> _Activity_: Only these lines of the data below are wanted: the one with "(\<forall>i. bounded (U", the one with "meets at least", and any lines between them, each repeated exactly.

> _Information given_:

= = = = =

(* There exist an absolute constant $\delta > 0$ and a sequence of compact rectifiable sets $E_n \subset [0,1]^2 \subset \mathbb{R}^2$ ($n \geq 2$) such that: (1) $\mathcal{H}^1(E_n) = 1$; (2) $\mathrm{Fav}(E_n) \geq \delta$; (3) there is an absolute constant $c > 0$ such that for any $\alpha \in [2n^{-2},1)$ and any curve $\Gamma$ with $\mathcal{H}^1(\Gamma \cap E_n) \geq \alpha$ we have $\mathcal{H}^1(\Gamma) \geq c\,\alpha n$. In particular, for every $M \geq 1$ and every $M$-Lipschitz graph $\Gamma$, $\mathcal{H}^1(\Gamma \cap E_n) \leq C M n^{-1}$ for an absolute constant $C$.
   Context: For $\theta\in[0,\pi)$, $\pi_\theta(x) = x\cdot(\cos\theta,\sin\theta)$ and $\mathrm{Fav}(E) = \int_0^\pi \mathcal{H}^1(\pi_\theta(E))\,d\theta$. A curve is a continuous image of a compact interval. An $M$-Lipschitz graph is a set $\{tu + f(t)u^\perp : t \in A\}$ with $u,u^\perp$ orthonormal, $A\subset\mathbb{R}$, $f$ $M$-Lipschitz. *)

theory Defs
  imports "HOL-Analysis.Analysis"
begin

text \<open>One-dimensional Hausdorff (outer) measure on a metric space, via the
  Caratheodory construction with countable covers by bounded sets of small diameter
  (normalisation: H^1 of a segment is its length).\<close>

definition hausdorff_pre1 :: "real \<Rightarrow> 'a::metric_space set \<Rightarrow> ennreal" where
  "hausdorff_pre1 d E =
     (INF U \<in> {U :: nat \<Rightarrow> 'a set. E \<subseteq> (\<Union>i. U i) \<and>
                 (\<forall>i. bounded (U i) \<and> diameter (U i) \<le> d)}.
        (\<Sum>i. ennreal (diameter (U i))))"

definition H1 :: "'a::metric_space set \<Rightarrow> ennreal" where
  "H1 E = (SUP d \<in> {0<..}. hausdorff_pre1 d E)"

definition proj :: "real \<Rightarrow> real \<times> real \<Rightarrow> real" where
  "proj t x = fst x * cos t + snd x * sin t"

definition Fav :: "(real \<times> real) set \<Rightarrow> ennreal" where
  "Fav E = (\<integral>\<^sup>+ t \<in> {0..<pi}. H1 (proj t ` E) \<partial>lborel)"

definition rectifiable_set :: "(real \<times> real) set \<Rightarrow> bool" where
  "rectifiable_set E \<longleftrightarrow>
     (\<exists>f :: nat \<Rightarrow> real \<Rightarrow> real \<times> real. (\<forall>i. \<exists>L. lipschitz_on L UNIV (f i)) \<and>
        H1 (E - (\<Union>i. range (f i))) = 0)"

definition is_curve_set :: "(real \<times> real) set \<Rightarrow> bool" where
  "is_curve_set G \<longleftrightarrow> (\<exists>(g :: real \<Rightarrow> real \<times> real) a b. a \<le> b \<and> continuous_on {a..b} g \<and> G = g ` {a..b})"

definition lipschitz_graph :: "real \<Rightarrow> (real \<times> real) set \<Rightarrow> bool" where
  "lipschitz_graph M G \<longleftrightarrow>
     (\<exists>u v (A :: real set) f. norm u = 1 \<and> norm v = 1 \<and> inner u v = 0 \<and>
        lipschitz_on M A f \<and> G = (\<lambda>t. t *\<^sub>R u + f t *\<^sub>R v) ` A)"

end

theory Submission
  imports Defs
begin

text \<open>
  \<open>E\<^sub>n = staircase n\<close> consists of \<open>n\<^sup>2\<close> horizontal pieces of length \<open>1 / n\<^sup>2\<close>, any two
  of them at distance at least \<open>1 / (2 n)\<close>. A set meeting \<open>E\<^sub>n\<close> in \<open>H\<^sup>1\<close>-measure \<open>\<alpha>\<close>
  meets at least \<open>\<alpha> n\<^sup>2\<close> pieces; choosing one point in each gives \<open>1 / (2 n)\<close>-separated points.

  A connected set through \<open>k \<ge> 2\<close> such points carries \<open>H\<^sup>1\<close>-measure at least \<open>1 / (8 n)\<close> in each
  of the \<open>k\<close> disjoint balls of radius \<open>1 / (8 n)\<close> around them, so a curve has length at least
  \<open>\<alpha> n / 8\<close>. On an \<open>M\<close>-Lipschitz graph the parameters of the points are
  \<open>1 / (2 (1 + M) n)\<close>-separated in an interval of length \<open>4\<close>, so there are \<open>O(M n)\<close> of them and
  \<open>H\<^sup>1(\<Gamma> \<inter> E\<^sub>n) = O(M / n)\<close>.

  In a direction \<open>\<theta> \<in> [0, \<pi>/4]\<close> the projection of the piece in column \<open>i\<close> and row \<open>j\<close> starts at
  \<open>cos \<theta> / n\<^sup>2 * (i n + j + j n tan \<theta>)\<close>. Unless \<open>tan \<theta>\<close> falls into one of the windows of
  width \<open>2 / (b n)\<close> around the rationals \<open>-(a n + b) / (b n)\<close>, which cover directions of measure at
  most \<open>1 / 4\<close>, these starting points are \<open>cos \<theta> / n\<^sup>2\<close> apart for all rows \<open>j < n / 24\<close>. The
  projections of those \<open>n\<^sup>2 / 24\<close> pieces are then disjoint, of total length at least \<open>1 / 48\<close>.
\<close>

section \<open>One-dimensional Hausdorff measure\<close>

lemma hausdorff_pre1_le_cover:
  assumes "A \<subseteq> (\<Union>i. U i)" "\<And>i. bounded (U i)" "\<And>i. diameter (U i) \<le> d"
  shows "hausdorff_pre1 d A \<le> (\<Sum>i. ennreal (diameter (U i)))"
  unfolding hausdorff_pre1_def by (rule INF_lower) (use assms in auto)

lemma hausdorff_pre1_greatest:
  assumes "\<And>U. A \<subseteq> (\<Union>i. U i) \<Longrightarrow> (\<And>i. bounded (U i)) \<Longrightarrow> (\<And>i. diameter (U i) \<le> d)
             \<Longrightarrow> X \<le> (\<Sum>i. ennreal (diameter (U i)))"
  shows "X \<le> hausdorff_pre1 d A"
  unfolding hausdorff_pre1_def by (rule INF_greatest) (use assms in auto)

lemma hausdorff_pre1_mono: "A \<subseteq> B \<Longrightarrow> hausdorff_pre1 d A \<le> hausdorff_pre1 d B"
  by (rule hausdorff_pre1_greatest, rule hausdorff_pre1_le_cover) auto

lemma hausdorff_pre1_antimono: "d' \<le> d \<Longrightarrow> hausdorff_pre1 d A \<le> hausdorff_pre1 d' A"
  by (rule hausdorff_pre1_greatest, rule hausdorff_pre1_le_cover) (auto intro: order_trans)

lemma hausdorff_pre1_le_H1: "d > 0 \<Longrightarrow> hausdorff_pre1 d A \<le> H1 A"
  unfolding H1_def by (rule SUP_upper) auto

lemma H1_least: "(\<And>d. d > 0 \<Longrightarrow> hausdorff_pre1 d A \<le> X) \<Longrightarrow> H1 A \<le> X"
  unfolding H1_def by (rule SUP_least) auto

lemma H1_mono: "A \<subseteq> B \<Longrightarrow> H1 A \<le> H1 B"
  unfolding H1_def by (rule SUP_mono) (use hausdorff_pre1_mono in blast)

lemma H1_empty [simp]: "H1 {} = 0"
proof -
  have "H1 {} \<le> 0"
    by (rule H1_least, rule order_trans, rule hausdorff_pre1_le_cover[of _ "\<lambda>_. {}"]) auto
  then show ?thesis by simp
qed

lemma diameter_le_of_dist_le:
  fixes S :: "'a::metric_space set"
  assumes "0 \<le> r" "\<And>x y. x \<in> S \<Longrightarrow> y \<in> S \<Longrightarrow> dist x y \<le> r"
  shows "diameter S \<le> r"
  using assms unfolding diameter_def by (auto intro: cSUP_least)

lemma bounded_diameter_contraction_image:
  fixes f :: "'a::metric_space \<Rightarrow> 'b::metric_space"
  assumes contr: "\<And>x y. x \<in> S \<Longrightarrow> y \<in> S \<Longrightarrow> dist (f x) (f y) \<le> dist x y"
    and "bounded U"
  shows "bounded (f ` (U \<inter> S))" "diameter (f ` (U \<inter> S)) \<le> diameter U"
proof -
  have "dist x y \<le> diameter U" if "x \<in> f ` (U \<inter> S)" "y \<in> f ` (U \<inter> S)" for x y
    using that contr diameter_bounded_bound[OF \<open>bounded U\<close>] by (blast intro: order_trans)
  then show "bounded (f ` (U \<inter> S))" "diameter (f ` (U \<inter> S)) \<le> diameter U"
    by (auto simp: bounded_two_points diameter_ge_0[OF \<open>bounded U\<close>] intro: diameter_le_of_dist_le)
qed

= = = = =

> _Written response_:
                 (\<forall>i. bounded (U i) \<and> diameter (U i) \<le> d)}.
        (\<Sum>i. ennreal (diameter (U i))))"

definition H1 :: "'a::metric_space set \<Rightarrow> ennreal" where
  "H1 E = (SUP d \<in> {0<..}. hausdorff_pre1 d E)"

definition proj :: "real \<Rightarrow> real \<times> real \<Rightarrow> real" where
  "proj t x = fst x * cos t + snd x * sin t"

definition Fav :: "(real \<times> real) set \<Rightarrow> ennreal" where
  "Fav E = (\<integral>\<^sup>+ t \<in> {0..<pi}. H1 (proj t ` E) \<partial>lborel)"

definition rectifiable_set :: "(real \<times> real) set \<Rightarrow> bool" where
  "rectifiable_set E \<longleftrightarrow>
     (\<exists>f :: nat \<Rightarrow> real \<Rightarrow> real \<times> real. (\<forall>i. \<exists>L. lipschitz_on L UNIV (f i)) \<and>
        H1 (E - (\<Union>i. range (f i))) = 0)"

definition is_curve_set :: "(real \<times> real) set \<Rightarrow> bool" where
  "is_curve_set G \<longleftrightarrow> (\<exists>(g :: real \<Rightarrow> real \<times> real) a b. a \<le> b \<and> continuous_on {a..b} g \<and> G = g ` {a..b})"

definition lipschitz_graph :: "real \<Rightarrow> (real \<times> real) set \<Rightarrow> bool" where
  "lipschitz_graph M G \<longleftrightarrow>
     (\<exists>u v (A :: real set) f. norm u = 1 \<and> norm v = 1 \<and> inner u v = 0 \<and>
        lipschitz_on M A f \<and> G = (\<lambda>t. t *\<^sub>R u + f t *\<^sub>R v) ` A)"

end

theory Submission
  imports Defs
begin

text \<open>
  \<open>E\<^sub>n = staircase n\<close> consists of \<open>n\<^sup>2\<close> horizontal pieces of length \<open>1 / n\<^sup>2\<close>, any two
  of them at distance at least \<open>1 / (2 n)\<close>. A set meeting \<open>E\<^sub>n\<close> in \<open>H\<^sup>1\<close>-measure \<open>\<alpha>\<close>
  meets at least \<open>\<alpha> n\<^sup>2\<close> pieces; choosing one point in each gives \<open>1 / (2 n)\<close>-separated points.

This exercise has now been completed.